SOURCE RECORDS START

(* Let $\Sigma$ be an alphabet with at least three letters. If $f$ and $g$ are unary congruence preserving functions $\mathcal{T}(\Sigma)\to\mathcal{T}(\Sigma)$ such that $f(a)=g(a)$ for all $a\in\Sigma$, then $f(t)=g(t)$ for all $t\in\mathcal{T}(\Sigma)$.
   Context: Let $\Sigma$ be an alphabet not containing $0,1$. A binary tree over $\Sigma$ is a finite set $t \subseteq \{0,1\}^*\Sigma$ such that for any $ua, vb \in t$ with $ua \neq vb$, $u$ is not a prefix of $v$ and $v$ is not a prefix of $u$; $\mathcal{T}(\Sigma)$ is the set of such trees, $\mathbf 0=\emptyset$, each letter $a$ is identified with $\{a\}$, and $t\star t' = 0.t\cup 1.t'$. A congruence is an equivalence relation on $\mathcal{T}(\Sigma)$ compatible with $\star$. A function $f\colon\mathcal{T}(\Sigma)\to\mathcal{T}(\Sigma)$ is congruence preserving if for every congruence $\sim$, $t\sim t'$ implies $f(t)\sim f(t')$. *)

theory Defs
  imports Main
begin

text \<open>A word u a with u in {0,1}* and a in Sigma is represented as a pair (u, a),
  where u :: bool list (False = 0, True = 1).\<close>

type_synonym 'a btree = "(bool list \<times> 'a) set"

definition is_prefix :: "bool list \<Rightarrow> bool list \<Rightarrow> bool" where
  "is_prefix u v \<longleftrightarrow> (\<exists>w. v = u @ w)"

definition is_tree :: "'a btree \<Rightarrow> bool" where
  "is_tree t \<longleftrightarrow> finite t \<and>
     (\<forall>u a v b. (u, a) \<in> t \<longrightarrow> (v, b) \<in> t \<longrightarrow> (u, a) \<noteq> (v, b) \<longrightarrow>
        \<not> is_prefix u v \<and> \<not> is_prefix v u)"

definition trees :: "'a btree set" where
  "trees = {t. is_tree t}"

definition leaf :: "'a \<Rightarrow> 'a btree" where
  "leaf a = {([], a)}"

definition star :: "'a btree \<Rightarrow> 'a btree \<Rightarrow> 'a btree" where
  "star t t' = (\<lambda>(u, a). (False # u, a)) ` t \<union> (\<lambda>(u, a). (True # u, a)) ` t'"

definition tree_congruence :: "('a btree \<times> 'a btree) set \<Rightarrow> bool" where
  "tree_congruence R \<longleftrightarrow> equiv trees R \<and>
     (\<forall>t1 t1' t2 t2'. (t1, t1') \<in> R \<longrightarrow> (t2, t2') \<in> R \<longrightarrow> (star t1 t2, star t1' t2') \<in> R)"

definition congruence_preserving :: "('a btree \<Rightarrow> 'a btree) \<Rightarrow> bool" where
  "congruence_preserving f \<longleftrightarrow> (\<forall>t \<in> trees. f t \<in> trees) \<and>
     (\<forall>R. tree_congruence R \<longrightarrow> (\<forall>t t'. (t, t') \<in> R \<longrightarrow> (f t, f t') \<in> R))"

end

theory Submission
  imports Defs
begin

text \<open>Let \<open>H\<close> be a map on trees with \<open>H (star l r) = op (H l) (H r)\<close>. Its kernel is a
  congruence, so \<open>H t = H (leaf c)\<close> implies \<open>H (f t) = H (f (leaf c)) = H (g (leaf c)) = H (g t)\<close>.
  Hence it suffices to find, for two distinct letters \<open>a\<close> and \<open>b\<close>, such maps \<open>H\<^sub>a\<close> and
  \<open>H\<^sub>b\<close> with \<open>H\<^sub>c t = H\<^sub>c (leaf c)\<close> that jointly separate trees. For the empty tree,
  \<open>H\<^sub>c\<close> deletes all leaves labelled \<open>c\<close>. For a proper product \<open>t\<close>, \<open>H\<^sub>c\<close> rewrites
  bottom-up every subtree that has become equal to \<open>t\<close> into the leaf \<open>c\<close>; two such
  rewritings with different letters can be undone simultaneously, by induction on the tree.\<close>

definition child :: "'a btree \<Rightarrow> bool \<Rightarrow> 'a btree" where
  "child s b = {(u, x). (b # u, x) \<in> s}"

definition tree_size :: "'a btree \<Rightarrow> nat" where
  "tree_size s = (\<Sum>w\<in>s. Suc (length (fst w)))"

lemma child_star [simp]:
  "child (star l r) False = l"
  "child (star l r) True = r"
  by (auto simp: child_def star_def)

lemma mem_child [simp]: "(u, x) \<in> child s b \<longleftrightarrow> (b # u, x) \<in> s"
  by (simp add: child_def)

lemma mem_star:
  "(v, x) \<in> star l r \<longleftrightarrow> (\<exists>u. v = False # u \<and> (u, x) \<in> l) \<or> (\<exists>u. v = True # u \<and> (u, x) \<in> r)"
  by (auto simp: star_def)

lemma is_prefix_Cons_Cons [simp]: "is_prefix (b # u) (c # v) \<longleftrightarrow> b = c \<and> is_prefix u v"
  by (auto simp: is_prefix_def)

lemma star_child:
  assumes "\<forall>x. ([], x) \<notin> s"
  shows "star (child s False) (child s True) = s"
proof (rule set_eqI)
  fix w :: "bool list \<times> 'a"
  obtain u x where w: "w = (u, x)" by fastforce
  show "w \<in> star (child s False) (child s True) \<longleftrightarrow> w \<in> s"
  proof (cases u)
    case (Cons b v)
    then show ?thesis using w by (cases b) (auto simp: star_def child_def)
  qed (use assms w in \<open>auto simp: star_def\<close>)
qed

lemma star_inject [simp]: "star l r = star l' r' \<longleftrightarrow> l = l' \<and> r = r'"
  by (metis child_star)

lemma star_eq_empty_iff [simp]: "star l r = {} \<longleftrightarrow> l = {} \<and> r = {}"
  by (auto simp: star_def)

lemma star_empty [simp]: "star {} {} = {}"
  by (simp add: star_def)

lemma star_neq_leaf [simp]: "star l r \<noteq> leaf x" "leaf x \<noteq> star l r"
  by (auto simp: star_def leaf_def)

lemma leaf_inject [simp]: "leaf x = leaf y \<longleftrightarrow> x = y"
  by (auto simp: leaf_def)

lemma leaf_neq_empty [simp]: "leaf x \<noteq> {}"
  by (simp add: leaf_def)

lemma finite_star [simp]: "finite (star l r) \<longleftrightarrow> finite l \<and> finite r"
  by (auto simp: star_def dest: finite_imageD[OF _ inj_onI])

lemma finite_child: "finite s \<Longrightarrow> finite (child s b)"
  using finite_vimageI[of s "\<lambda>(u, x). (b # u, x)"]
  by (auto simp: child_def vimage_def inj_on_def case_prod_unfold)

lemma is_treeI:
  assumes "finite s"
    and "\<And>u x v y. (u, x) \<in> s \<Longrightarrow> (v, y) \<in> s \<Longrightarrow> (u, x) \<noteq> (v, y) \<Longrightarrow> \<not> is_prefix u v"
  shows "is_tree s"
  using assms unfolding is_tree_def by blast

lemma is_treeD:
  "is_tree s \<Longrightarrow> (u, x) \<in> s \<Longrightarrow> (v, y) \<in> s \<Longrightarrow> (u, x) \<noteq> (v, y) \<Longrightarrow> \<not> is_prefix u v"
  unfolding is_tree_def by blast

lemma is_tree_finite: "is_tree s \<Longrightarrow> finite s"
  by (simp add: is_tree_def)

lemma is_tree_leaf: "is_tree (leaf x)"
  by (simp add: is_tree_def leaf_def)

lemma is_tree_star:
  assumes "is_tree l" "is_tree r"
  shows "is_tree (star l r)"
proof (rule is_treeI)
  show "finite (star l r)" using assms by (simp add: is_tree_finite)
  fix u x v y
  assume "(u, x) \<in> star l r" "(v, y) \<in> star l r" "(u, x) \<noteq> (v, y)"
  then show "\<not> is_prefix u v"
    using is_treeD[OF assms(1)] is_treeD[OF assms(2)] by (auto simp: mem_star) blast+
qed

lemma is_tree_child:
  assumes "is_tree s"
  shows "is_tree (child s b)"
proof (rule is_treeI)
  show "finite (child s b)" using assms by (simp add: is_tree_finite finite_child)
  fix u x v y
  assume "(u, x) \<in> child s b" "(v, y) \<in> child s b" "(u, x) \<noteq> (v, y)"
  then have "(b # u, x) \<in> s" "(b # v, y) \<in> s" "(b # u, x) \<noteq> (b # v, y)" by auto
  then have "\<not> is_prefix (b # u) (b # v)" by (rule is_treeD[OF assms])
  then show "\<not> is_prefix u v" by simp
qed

SOURCE RECORDS END

TASK STATEMENT - Count each line of the entries that holds the word "shows", then state the total and nothing more.

TASK RESULT - 4